Forscher der McGill University haben ein Gerät entwickelt, das Phononen – schallähnliche Teilchen – bei extrem niedrigen Temperaturen erzeugt. Dieser Durchbruch könnte Phononenlaser ermöglichen und die Bereiche Kommunikation, Sensorik und medizinische Diagnostik mithilfe von Quanteneffekten revolutionieren.
Forscher der McGill University haben ein Gerät entwickelt, das bei extrem niedrigen Temperaturen schallähnliche Partikel erzeugt. Diese Partikel, auch Phononen genannt, können zur Herstellung von Phononenlasern genutzt werden und bieten mögliche Anwendungen in der Kommunikationstechnik und der medizinischen Diagnostik.

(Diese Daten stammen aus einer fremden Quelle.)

lemma mono_min_weight_loss:
  assumes "T > 0" "g > 0" "s > 0"
  shows "mono (min_weight_loss T g s)"
proof (rule monoI, rule min_weight_loss_greatest)
  fix D D' a :: real
  assume "D \<le> D'" "0 \<le> a" "a < 1"
  then have "weight_loss T g s D a \<le> weight_loss T g s D' a"
    unfolding weight_loss_def by (simp add: mult_left_mono)
  then show "min_weight_loss T g s D \<le> weight_loss T g s D' a"
    using min_weight_loss_le[OF assms \<open>0 \<le> a\<close> \<open>a < 1\<close>, of D] by linarith
qed

text \<open>Each \<open>weight_loss T g s \<cdot> a\<close> is affine with slope \<open>(1 - a)\<^sup>2 \<le> 1\<close>, and this bound survives the infimum.\<close>

lemma min_weight_loss_second_difference:
  assumes "T > 0" "g > 0" "s > 0" "e\<^sub>1 + e\<^sub>2 \<ge> 0"
  shows "min_weight_loss T g s (D + e\<^sub>1) + min_weight_loss T g s (D + e\<^sub>2)
       \<le> 2 * min_weight_loss T g s D + (e\<^sub>1 + e\<^sub>2)"
proof -
  have "(min_weight_loss T g s (D + e\<^sub>1) + min_weight_loss T g s (D + e\<^sub>2) - (e\<^sub>1 + e\<^sub>2)) / 2
      \<le> min_weight_loss T g s D"
  proof (rule min_weight_loss_greatest)
    fix a :: real
    assume a: "0 \<le> a" "a < 1"
    have "(1 - a)\<^sup>2 * (e\<^sub>1 + e\<^sub>2) \<le> 1 * (e\<^sub>1 + e\<^sub>2)"
      using a assms(4) by (intro mult_right_mono) (simp_all add: power2_eq_square mult_le_one)
    then have "weight_loss T g s (D + e\<^sub>1) a + weight_loss T g s (D + e\<^sub>2) a
        \<le> 2 * weight_loss T g s D a + (e\<^sub>1 + e\<^sub>2)"
      unfolding weight_loss_def by (simp add: algebra_simps)
    then show "(min_weight_loss T g s (D + e\<^sub>1) + min_weight_loss T g s (D + e\<^sub>2) - (e\<^sub>1 + e\<^sub>2)) / 2
        \<le> weight_loss T g s D a"
      using min_weight_loss_le[OF assms(1-3) a, of "D + e\<^sub>1"] min_weight_loss_le[OF assms(1-3) a, of "D + e\<^sub>2"]
      by (simp add: field_simps)
  qed
  then show ?thesis
    by simp
qed

lemma loss_infinity: "loss sigT gam muA sigA th \<infinity> = ereal ((muA - th)\<^sup>2)"
  unfolding loss_def fid_err_def comm_cost_def by simp

lemma loss_zero: "gam > 0 \<Longrightarrow> loss sigT gam muA sigA th 0 = \<infinity>"
  unfolding loss_def comm_cost_def by simp

lemma loss_finite:
  assumes "sigA \<noteq> 0" "sigT > 0" "r > 0"
  shows "loss sigT gam muA sigA th (ereal r) =
    ereal (weight_loss (sigT\<^sup>2) gam (sigA\<^sup>2) ((muA - th)\<^sup>2) (sigA\<^sup>2 / (sigA\<^sup>2 + r\<^sup>2)))"
proof -
  define s where "s = sigA\<^sup>2"
  define a where "a = s / (s + r\<^sup>2)"
  have s: "s > 0" and r2: "r\<^sup>2 > 0" and sr: "s + r\<^sup>2 > 0"
    using assms unfolding s_def by (simp_all add: add_pos_pos)
  have one_minus_a: "1 - a = r\<^sup>2 / (s + r\<^sup>2)"
    unfolding a_def using sr by (simp add: field_simps)
  have fid: "fid_err muA sigA th (ereal r) = (1 - a)\<^sup>2 * (muA - th)\<^sup>2 + s * a * (1 - a)"
    unfolding fid_err_finite[OF assms(1)] one_minus_a unfolding a_def s_def[symmetric]
    using s r2 by (simp add: field_simps power2_eq_square)
  have "a > 0" and sa: "s * (1 - a) = a * r\<^sup>2"
    unfolding one_minus_a unfolding a_def using s sr by simp_all
  then have "sigT\<^sup>2 * a / (s * (1 - a)) = sigT\<^sup>2 / r\<^sup>2"
    unfolding sa by simp
  then have "1 + sigT\<^sup>2 * a / (s * (1 - a)) = (sigT\<^sup>2 + r\<^sup>2) / r\<^sup>2"
    using r2 by (simp add: field_simps)
  then have "ln (1 + sigT\<^sup>2 * a / (s * (1 - a))) = - ln (r\<^sup>2 / (sigT\<^sup>2 + r\<^sup>2))"
    using r2 assms by (simp add: ln_div)
  moreover have "comm_cost sigT (ereal r) = ereal (- (1 / 2) * ln (r\<^sup>2 / (sigT\<^sup>2 + r\<^sup>2)))"
    unfolding comm_cost_def using assms by simp
  ultimately show ?thesis
    unfolding loss_def fid weight_loss_def noise_cost_def s_def[symmetric] a_def[symmetric] by simp
qed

„Moderne Kommunikation basiert größtenteils auf Licht, darunter elektromagnetische Wellen und elektrische Ströme. In Medien wie den Ozeanen kann sich Schall ausbreiten, Licht und elektrische Ströme hingegen nicht“, sagte Michael Hilke. „Auch im menschlichen Körper können Schallwellen ein nützliches Werkzeug sein“, fügte er hinzu.
Michael Hilke, außerordentlicher Professor für Physik und Mitautor der in Physical Review Letters veröffentlichten Studie, erklärte, dass die Vorrichtung an der McGill University und dem National Research Council of Canada entwickelt und analysiert wurde und das Material an der Princeton University synthetisiert wurde.
Zweidimensionale Schicht eines Kristalls
Das Gerät leitet einen elektrischen Strom durch eine zweidimensionale Kristallschicht und hält Elektronen in einem nur wenige Atomlagen dicken Bereich fest.
Die Forscher haben entdeckt, dass Elektronen, wenn sie über diesen Kanal mit genügend Kraft angeregt werden, Energie in Form von schallähnlichen Schwingungen, sogenannten Phononen, in vorhersagbaren und einstellbaren Mustern freisetzen.
Dies wird erreicht, indem die Bauelemente auf extrem niedrige Temperaturen im Bereich von etwa 10 Millikelvin bis 3,9 Kelvin gekühlt werden, wodurch sich die Elektronen kontrollierter und vorhersagbarer verhalten.
Unter solchen Bedingungen können Wissenschaftler Quanteneffekte beobachten, bei denen Materie wellenartige Eigenschaften aufweist, anstatt sich wie reine Festkörperteilchen zu verhalten.
„Bei absoluten Nulltemperaturen, also im Bereich der Quantenphysik, entsteht kein Schall, es sei denn, Elektronen bewegen sich kollektiv mit Schallgeschwindigkeit oder darüber“, erklärte Hilke.
„Frühere Arbeiten hatten ähnliche Effekte beobachtet, wenn sich die Elektronengeschwindigkeiten der Schallmauer näherten. Unsere Studie geht noch einen Schritt weiter, indem sie das System weit über diesen Punkt hinausführt und zeigt, dass bestehende Theorien überdacht werden müssen, da Elektronen selbst dann sehr heiß sein können, wenn der Wirtskristall nahe dem absoluten Nullpunkt liegt“, fügte er hinzu.
Hilke merkte an, dass in der nächsten Phase das Gerät mit alternativen Materialien wie Graphen getestet werden soll, wodurch es möglicherweise noch schneller funktionieren könnte.
Dieser Fortschritt könnte den Weg für schnellere Kommunikationstechnologien, verbesserte Sensoren, Anwendungen in der biologischen Forschung und komplexere medizinische Systeme ebnen.
„Phononen sind schwer zu erzeugen und kontrolliert zu nutzen, daher erforschen wir neue Wege. Im Wesentlichen geht es darum, wie elektrischer Strom und Energie in modernen elektronischen Materialien fließen und umgewandelt werden“, sagte er.